A serious look at Makers, the modern twist on DIY
Have you ever made a custom T-shirt? Had a friend show you how to build a really badass gaming computer? Customized your Honda Civic to look like something straight out of the Fast and the Furious? Even if you haven’t, there are lots of people these days who are. Mass-produced goods might be cheap and high-tech and available everywhere but they lack a sense of craft, personality, and uniqueness, which has spawned a subtle rebellion. The rebels are called Makers and they’re a 21st-century twist on the long-standing American tradition of creating “do-it-yourself” goods, different most notably in that they operate in communities bound together with social software (and an excellent magazine). Makers are a social movement first and foremost, to be sure, but they also represent a fundamentally new capacity for end-users to take an active role in manufacturing. The Institute for the Future recently turned out a wonderful visual map of the phenomenon, headed up with this summary of why the wider world ought to sit up and take note:
Two future forces, one mostly social, one mostly technological, are intersecting to transform how goods, services, and experiences—the “stuff” of our world—will be designed, manufactured, and distributed over the next decade. An emerging do-it-yourself culture of “makers” is boldly voiding warranties to tweak, hack, and customize the products they buy. And what they can’t purchase, they build from scratch. Meanwhile, flexible manufacturing technologies on the horizon will change fabrication from massive and centralized to lightweight and ad hoc. These trends sit atop a platform of grassroots economics—new market structures developing online that embody a shift from stores and sales to communities and connections.
What does this mean for the rest of us? IFTF offers six major take-aways, included here in short form:
- Network your organization: make sure your staff are in contact with the people from within and without your industry who might have insight into their particular problems, partly by using open-innovation platforms such as Innocentive.
- Reward solution seekers: pay attention not only when a person comes up with their own solution to a problem but also when they’re able to identify and integrate someone else’s.
- Err on the side of openness: embrace open-source culture by designing your products to be easy to modify.
- Engage actively: if and when you design opportunities for customers to be partners with your in-house innovators, design them in a way that taps a person’s inherent curiosity, sociability, and passion for customization.

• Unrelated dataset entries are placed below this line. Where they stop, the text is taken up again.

lemma linear_plane_in_image_transfer:
  fixes \<Omega> :: "('a::field ^ 5) set set set"
  assumes lin: "linear_line_partition \<Omega>"
    and L: "pg_line L" and a: "a \<in> L" "a \<noteq> 0" and b: "b \<notin> L"
    and \<sigma>_L: "vec.span (insert b L) \<subseteq> pi_Omega \<Omega> L"
  shows "vec.span (insert b L) \<subseteq> pi_Omega \<Omega> (vec.span {a, b})"
proof -
  have L_sub: "vec.subspace L" "vec.dim L = 2" using L unfolding pg_line_def pg_sub_def by auto
  obtain u where u: "u \<notin> vec.span {a}" and L_eq: "L = vec.span {a, u}"
    using subspace_dim2_eq_span_pair[OF L_sub a] .
  let ?\<sigma> = "vec.span {a, u, b}"
  have "vec.span (insert b L) = vec.span (insert b {a, u})"
    unfolding L_eq by (simp only: vec.span_insert[of b] vec.span_span)
  also have "insert b {a, u} = {a, u, b}" by auto
  finally have \<sigma>_eq: "vec.span (insert b L) = ?\<sigma>" .
  have b': "b \<notin> vec.span {a, u}" using b L_eq by simp
  have ub: "u + b \<notin> vec.span {a, u}"
    using b' vec.span_diff[of "u + b" "{a, u}" u] vec.span_base[of u "{a, u}"] by auto
  have span_a: "vec.span {a} \<subseteq> vec.span {a, u}" by (rule vec.span_mono) blast
  have in_\<sigma>: "a \<in> ?\<sigma>" "u \<in> ?\<sigma>" "b \<in> ?\<sigma>" "u + b \<in> ?\<sigma>"
    by (auto intro: vec.span_base vec.span_add)
  have pencil: "vec.span {a, x} \<in> line_pencil (vec.span {a}) ?\<sigma>"
    if "x \<notin> vec.span {a, u}" "x \<in> ?\<sigma>" for x
    using line_pencil_span_pair[OF a(2) _ vec.subspace_span in_\<sigma>(1) that(2)] that(1) span_a
    by blast
  have L_pencil: "L \<in> line_pencil (vec.span {a}) ?\<sigma>"
    unfolding L_eq using line_pencil_span_pair[OF a(2) u vec.subspace_span in_\<sigma>(1,2)] .
  have "vec.span {a, b} \<noteq> vec.span {a, u + b}"
  proof
    assume eq: "vec.span {a, b} = vec.span {a, u + b}"
    then have "u \<in> vec.span {a, b}"
      using vec.span_diff[of "u + b" "{a, b}" b] vec.span_base[of "u + b" "{a, u + b}"]
        vec.span_base[of b "{a, b}"] by auto
    then have "L \<subseteq> vec.span {a, b}"
      unfolding L_eq by (simp add: vec.span_minimal vec.span_base)
    moreover have "pg_line (vec.span {a, b})"
      using pg_line_span_pair[OF a(2)] b' span_a by blast
    ultimately have "L = vec.span {a, b}"
      using pg_sub_eq_of_subset[of 1 "vec.span {a, b}" L] L_sub unfolding pg_line_def by simp
    then show False using b vec.span_base[of b "{a, b}"] by simp
  qed
  moreover have "L \<noteq> vec.span {a, b}" "L \<noteq> vec.span {a, u + b}"
    using b ub L_eq vec.span_base[of b "{a, b}"] vec.span_base[of "u + b" "{a, u + b}"] by auto
  ultimately show ?thesis
    using linear_pencil_plane_in_image[OF lin pg_point_span_singleton[OF a(2)]
        pg_plane_span_triple[OF a(2) u b'] vec.span_mono L_pencil
        pencil[OF b' in_\<sigma>(3)] pencil[OF ub in_\<sigma>(4)]]
      \<sigma>_L \<sigma>_eq by auto
qed
(* Consider mixed site/bond percolation on the $m\times m$ grid $[m]^2$ in which each node is open with probability $p$ and each link is open with probability $q$, all independently. Then the size of the largest bond-connected component stochastically dominates the size of the largest open component in site percolation on $[m]^2$ in which each node is open independently with probability $pq^2$.
   Context: The grid has node set $[m]^2=\{1,\dots,m\}^2$, and links between pairs of nodes at $\ell_1$ distance one (with the same adjacency used in both models). In the mixed model, two nodes $u,v$ are bond-connected if there is a sequence of open nodes $u=u_1,\dots,u_\ell=v$ such that each link $u_iu_{i+1}$ is open; bond-connected components are the classes of this relation. In site percolation, open components are the maximal sets of open nodes connected through adjacent open nodes. *)

theory Defs
  imports "HOL-Probability.Probability"
begin

type_synonym node = "nat \<times> nat"

definition grid :: "nat \<Rightarrow> node set" where
  "grid m = {1..m} \<times> {1..m}"

definition adj :: "node \<Rightarrow> node \<Rightarrow> bool" where
  "adj u v \<longleftrightarrow> \<bar>int (fst u) - int (fst v)\<bar> + \<bar>int (snd u) - int (snd v)\<bar> = 1"

definition links :: "nat \<Rightarrow> node set set" where
  "links m = {{u, v} | u v. u \<in> grid m \<and> v \<in> grid m \<and> adj u v}"

definition bond_step :: "nat \<Rightarrow> (node \<Rightarrow> bool) \<Rightarrow> (node set \<Rightarrow> bool) \<Rightarrow> node \<Rightarrow> node \<Rightarrow> bool" where
  "bond_step m \<omega> \<eta> x y \<longleftrightarrow> x \<in> grid m \<and> y \<in> grid m \<and> \<omega> x \<and> \<omega> y \<and> adj x y \<and> \<eta> {x, y}"

definition bond_connected :: "nat \<Rightarrow> (node \<Rightarrow> bool) \<Rightarrow> (node set \<Rightarrow> bool) \<Rightarrow> node \<Rightarrow> node \<Rightarrow> bool" where
  "bond_connected m \<omega> \<eta> u v \<longleftrightarrow> u \<in> grid m \<and> \<omega> u \<and> (bond_step m \<omega> \<eta>)\<^sup>*\<^sup>* u v"

definition bond_components :: "nat \<Rightarrow> (node \<Rightarrow> bool) \<Rightarrow> (node set \<Rightarrow> bool) \<Rightarrow> node set set" where
  "bond_components m \<omega> \<eta> = {{v. bond_connected m \<omega> \<eta> u v} | u. u \<in> grid m \<and> \<omega> u}"

definition largest_bond :: "nat \<Rightarrow> (node \<Rightarrow> bool) \<Rightarrow> (node set \<Rightarrow> bool) \<Rightarrow> nat" where
  "largest_bond m \<omega> \<eta> = Max (insert 0 (card ` bond_components m \<omega> \<eta>))"

definition site_step :: "nat \<Rightarrow> (node \<Rightarrow> bool) \<Rightarrow> node \<Rightarrow> node \<Rightarrow> bool" where
  "site_step m \<omega> x y \<longleftrightarrow> x \<in> grid m \<and> y \<in> grid m \<and> \<omega> x \<and> \<omega> y \<and> adj x y"

definition site_components :: "nat \<Rightarrow> (node \<Rightarrow> bool) \<Rightarrow> node set set" where
  "site_components m \<omega> = {{v. (site_step m \<omega>)\<^sup>*\<^sup>* u v} | u. u \<in> grid m \<and> \<omega> u}"

definition largest_site :: "nat \<Rightarrow> (node \<Rightarrow> bool) \<Rightarrow> nat" where
  "largest_site m \<omega> = Max (insert 0 (card ` site_components m \<omega>))"

definition node_pmf :: "nat \<Rightarrow> real \<Rightarrow> (node \<Rightarrow> bool) pmf" where
  "node_pmf m p = Pi_pmf (grid m) False (\<lambda>_. bernoulli_pmf p)"

definition link_pmf :: "nat \<Rightarrow> real \<Rightarrow> (node set \<Rightarrow> bool) pmf" where
  "link_pmf m q = Pi_pmf (links m) False (\<lambda>_. bernoulli_pmf q)"

definition mixed_pmf :: "nat \<Rightarrow> real \<Rightarrow> real \<Rightarrow> ((node \<Rightarrow> bool) \<times> (node set \<Rightarrow> bool)) pmf" where
  "mixed_pmf m p q = pair_pmf (node_pmf m p) (link_pmf m q)"

definition stoch_dominates :: "nat pmf \<Rightarrow> nat pmf \<Rightarrow> bool" where
  "stoch_dominates X Y \<longleftrightarrow> (\<forall>k. measure_pmf.prob Y {k..} \<le> measure_pmf.prob X {k..})"

end

theory Submission
  imports Defs
begin

text \<open>
  Couple the two models on one probability space: every node x carries three independent
  labels, "x is open" (probability p), "the link from x to its right neighbour is open" and
  "the link from x to its upper neighbour is open" (probability q each). Reading the labels as a
  mixed configuration gives exactly the mixed model, because every link has a unique lower-left
  endpoint. Declaring x site-open when all three labels hold gives site percolation with
  parameter p q^2. Two adjacent site-open nodes are then both open and the link between
  them is open (it is owned by one of them), so every site-open cluster lies inside a
  bond-connected component, and the largest bond component is pointwise at least as large.
\<close>

subsection \<open>Product measures\<close>

lemma map_pmf_conj_bernoulli:
  assumes "0 \<le> p" "p \<le> 1" "0 \<le> q" "q \<le> 1"
  shows "map_pmf (\<lambda>(a, b). a \<and> b) (pair_pmf (bernoulli_pmf p) (bernoulli_pmf q))
           = bernoulli_pmf (p * q)"
proof (rule pmf_eqI)
  fix i :: bool
  let ?M = "pair_pmf (bernoulli_pmf p) (bernoulli_pmf q)"
  have pq: "0 \<le> p * q" "p * q \<le> 1"
    using assms by (auto intro: mult_le_one)
  have conj_True: "(\<lambda>(a, b). a \<and> b) -` {True} = {(True, True)}" by auto
  have conj_False: "(\<lambda>(a, b). a \<and> b) -` {False} = UNIV - {(True, True)}" by auto
  have "measure_pmf.prob ?M (UNIV - {(True, True)}) = 1 - measure_pmf.prob ?M {(True, True)}"
    using measure_pmf.prob_compl[of "{(True, True)}" ?M] by simp
  then show "pmf (map_pmf (\<lambda>(a, b). a \<and> b) ?M) i = pmf (bernoulli_pmf (p * q)) i"
    using assms pq
    by (cases i) (simp_all add: pmf_map conj_True conj_False measure_pmf_single pmf_pair)
qed

lemma Pi_pmf_pair_pmf:
  assumes "finite A"
  shows "Pi_pmf A (d1, d2) (\<lambda>x. pair_pmf (P x) (Q x)) =
         map_pmf (\<lambda>(f, g) x. (f x, g x)) (pair_pmf (Pi_pmf A d1 P) (Pi_pmf A d2 Q))"
proof (rule pmf_eqI)
  fix t :: "'a \<Rightarrow> 'b \<times> 'c"
  let ?zip = "\<lambda>(f, g) x. (f x, g x)"
  have inj: "inj (?zip :: ('a \<Rightarrow> 'b) \<times> ('a \<Rightarrow> 'c) \<Rightarrow> _)"
    by (auto simp: inj_def fun_eq_iff)
  have t: "t = ?zip (fst \<circ> t, snd \<circ> t)" by auto
  have "pmf (map_pmf ?zip (pair_pmf (Pi_pmf A d1 P) (Pi_pmf A d2 Q))) t
      = pmf (pair_pmf (Pi_pmf A d1 P) (Pi_pmf A d2 Q)) (fst \<circ> t, snd \<circ> t)"
    by (subst t, subst pmf_map_inj'[OF inj]) simp
  also have "\<dots> = pmf (Pi_pmf A (d1, d2) (\<lambda>x. pair_pmf (P x) (Q x))) t"
    using assms
    by (simp add: pmf_pair pmf_Pi prod.distrib[symmetric])
      (auto simp: prod_eq_iff intro!: prod.cong, metis pmf_pair prod.collapse)
  finally show "pmf (Pi_pmf A (d1, d2) (\<lambda>x. pair_pmf (P x) (Q x))) t =
      pmf (map_pmf ?zip (pair_pmf (Pi_pmf A d1 P) (Pi_pmf A d2 Q))) t" by simp
qed

lemma Pi_pmf_reindex:
  assumes "finite C" "B \<subseteq> C" "bij_betw h A B" "\<And>x. x \<notin> A \<Longrightarrow> h x \<notin> B"
  shows "Pi_pmf A dflt (\<lambda>_. f)
           = map_pmf (\<lambda>g x. if h x \<in> B then g (h x) else dflt) (Pi_pmf C dflt (\<lambda>_. f))"
proof -
  have "finite A"
    using assms(1-3) by (metis bij_betw_finite finite_subset)
  then have "Pi_pmf A dflt (\<lambda>_. f) = map_pmf (\<lambda>g. g \<circ> h) (Pi_pmf B dflt (\<lambda>_. f))"
    using assms(3,4) by (rule Pi_pmf_bij_betw)
  also have "\<dots> = map_pmf (\<lambda>g x. if h x \<in> B then g (h x) else dflt) (Pi_pmf C dflt (\<lambda>_. f))"
    by (simp add: Pi_pmf_subset[OF assms(1,2)] map_pmf_comp o_def)
  finally show ?thesis .
qed

lemma stoch_dominates_map_pmf:
  assumes "\<And>x. g x \<le> f x"
  shows "stoch_dominates (map_pmf f M) (map_pmf g M)"
  unfolding stoch_dominates_def measure_map_pmf
proof
  fix k :: nat
  have "g -` {k..} \<subseteq> f -` {k..}"
    by (auto intro: order_trans[OF _ assms])
  then show "measure_pmf.prob M (g -` {k..}) \<le> measure_pmf.prob M (f -` {k..})"
    by (rule measure_pmf.finite_measure_mono) simp
qed

subsection \<open>Links of the grid and their lower-left endpoints\<close>

definition right_nbr :: "node \<Rightarrow> node" where
  "right_nbr x = (Suc (fst x), snd x)"

definition up_nbr :: "node \<Rightarrow> node" where
  "up_nbr x = (fst x, Suc (snd x))"

definition horiz_base :: "nat \<Rightarrow> node set" where
  "horiz_base m = {x \<in> grid m. fst x < m}"

definition vert_base :: "nat \<Rightarrow> node set" where
  "vert_base m = {x \<in> grid m. snd x < m}"

definition horiz_links :: "nat \<Rightarrow> node set set" where
  "horiz_links m = (\<lambda>x. {x, right_nbr x}) ` horiz_base m"

definition vert_links :: "nat \<Rightarrow> node set set" where
  "vert_links m = (\<lambda>x. {x, up_nbr x}) ` vert_base m"

definition lower_left :: "node set \<Rightarrow> node" where
  "lower_left e = (Min (fst ` e), Min (snd ` e))"

text \<open>Outside L the owner is the junk node (0, 0), which lies outside the grid.\<close>
definition owner :: "node set set \<Rightarrow> node set \<Rightarrow> node" where
  "owner L e = (if e \<in> L then lower_left e else (0, 0))"

lemma lower_left_right_nbr [simp]: "lower_left {x, right_nbr x} = x"
  by (cases x) (auto simp: lower_left_def right_nbr_def)

lemma lower_left_up_nbr [simp]: "lower_left {x, up_nbr x} = x"
  by (cases x) (auto simp: lower_left_def up_nbr_def)

lemma finite_grid [simp]: "finite (grid m)"
  by (simp add: grid_def)

lemma zero_notin_grid [simp]: "(0, 0) \<notin> grid m"
  by (simp add: grid_def)

lemma horiz_base_subset_grid: "horiz_base m \<subseteq> grid m"
  by (auto simp: horiz_base_def)

lemma vert_base_subset_grid: "vert_base m \<subseteq> grid m"
  by (auto simp: vert_base_def)

lemma finite_horiz_links [simp]: "finite (horiz_links m)"
  using finite_subset[OF horiz_base_subset_grid] by (simp add: horiz_links_def)

lemma finite_vert_links [simp]: "finite (vert_links m)"
  using finite_subset[OF vert_base_subset_grid] by (simp add: vert_links_def)

lemma horiz_vert_links_disjoint: "horiz_links m \<inter> vert_links m = {}"
  by (auto simp: horiz_links_def vert_links_def right_nbr_def up_nbr_def doubleton_eq_iff)

lemma bij_betw_owner:
  assumes "\<And>x. x \<in> A \<Longrightarrow> lower_left {x, n x} = x"
  shows "bij_betw (owner ((\<lambda>x. {x, n x}) ` A)) ((\<lambda>x. {x, n x}) ` A) A"
proof -
  have "owner ((\<lambda>x. {x, n x}) ` A) ` (\<lambda>x. {x, n x}) ` A = A"
    using assms by (force simp: owner_def image_image)
  then show ?thesis
    using assms unfolding bij_betw_def inj_on_def owner_def by auto
qed

lemma adj_iff:
  "adj (a, b) (c, d) \<longleftrightarrow>
     (c = Suc a \<and> d = b) \<or> (a = Suc c \<and> d = b) \<or> (c = a \<and> d = Suc b) \<or> (c = a \<and> b = Suc d)"
  unfolding adj_def by (simp add: abs_if) arith

lemma adjacent_link_cases:
  assumes "x \<in> grid m" "y \<in> grid m" "adj x y"
  obtains (horiz) z where "z \<in> {x, y}" "z \<in> horiz_base m" "{x, y} = {z, right_nbr z}"
    | (vert) z where "z \<in> {x, y}" "z \<in> vert_base m" "{x, y} = {z, up_nbr z}"
proof -
  obtain a b c d where xy: "x = (a, b)" "y = (c, d)" by fastforce
  from assms(3) consider "c = Suc a \<and> d = b" | "a = Suc c \<and> d = b" | "c = a \<and> d = Suc b"
    | "c = a \<and> b = Suc d"
    unfolding xy adj_iff by blast
  then show ?thesis
  proof cases
    case 1
    then show ?thesis
      using assms(1,2) horiz[of x] by (auto simp: xy grid_def horiz_base_def right_nbr_def)
  next
    case 2
    then show ?thesis
      using assms(1,2) horiz[of y] by (auto simp: xy grid_def horiz_base_def right_nbr_def)
  next
    case 3
    then show ?thesis
      using assms(1,2) vert[of x] by (auto simp: xy grid_def vert_base_def up_nbr_def)
  next
    case 4
    then show ?thesis
      using assms(1,2) vert[of y] by (auto simp: xy grid_def vert_base_def up_nbr_def)
  qed
qed

lemma links_eq_horiz_vert: "links m = horiz_links m \<union> vert_links m"
proof
  show "links m \<subseteq> horiz_links m \<union> vert_links m"
  proof
    fix e
    assume "e \<in> links m"
    then obtain x y where e: "e = {x, y}" and xy: "x \<in> grid m" "y \<in> grid m" "adj x y"
      by (auto simp: links_def)
    from xy show "e \<in> horiz_links m \<union> vert_links m"
      by (cases rule: adjacent_link_cases) (auto simp: e horiz_links_def vert_links_def)
  qed
next
  have "{x, right_nbr x} \<in> links m" if "x \<in> horiz_base m" for x
    using that unfolding links_def
    by (cases x, intro CollectI exI[of _ x] exI[of _ "right_nbr x"])
      (auto simp: horiz_base_def grid_def right_nbr_def adj_iff)
  moreover have "{x, up_nbr x} \<in> links m" if "x \<in> vert_base m" for x
    using that unfolding links_def
    by (cases x, intro CollectI exI[of _ x] exI[of _ "up_nbr x"])
      (auto simp: vert_base_def grid_def up_nbr_def adj_iff)
  ultimately show "horiz_links m \<union> vert_links m \<subseteq> links m"
    by (auto simp: horiz_links_def vert_links_def)
qed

- Go transparent: tell the whole story of how your product was made, highlighting the ecological and social implications of your choices, because customers will increasingly care and are increasingly able to discover the facts for themselves.
- Celebrate hackers: rather than litigating against them, invite in the people who push your technology to its limits and creat custom modifications, honoring their experimentation as real innovation.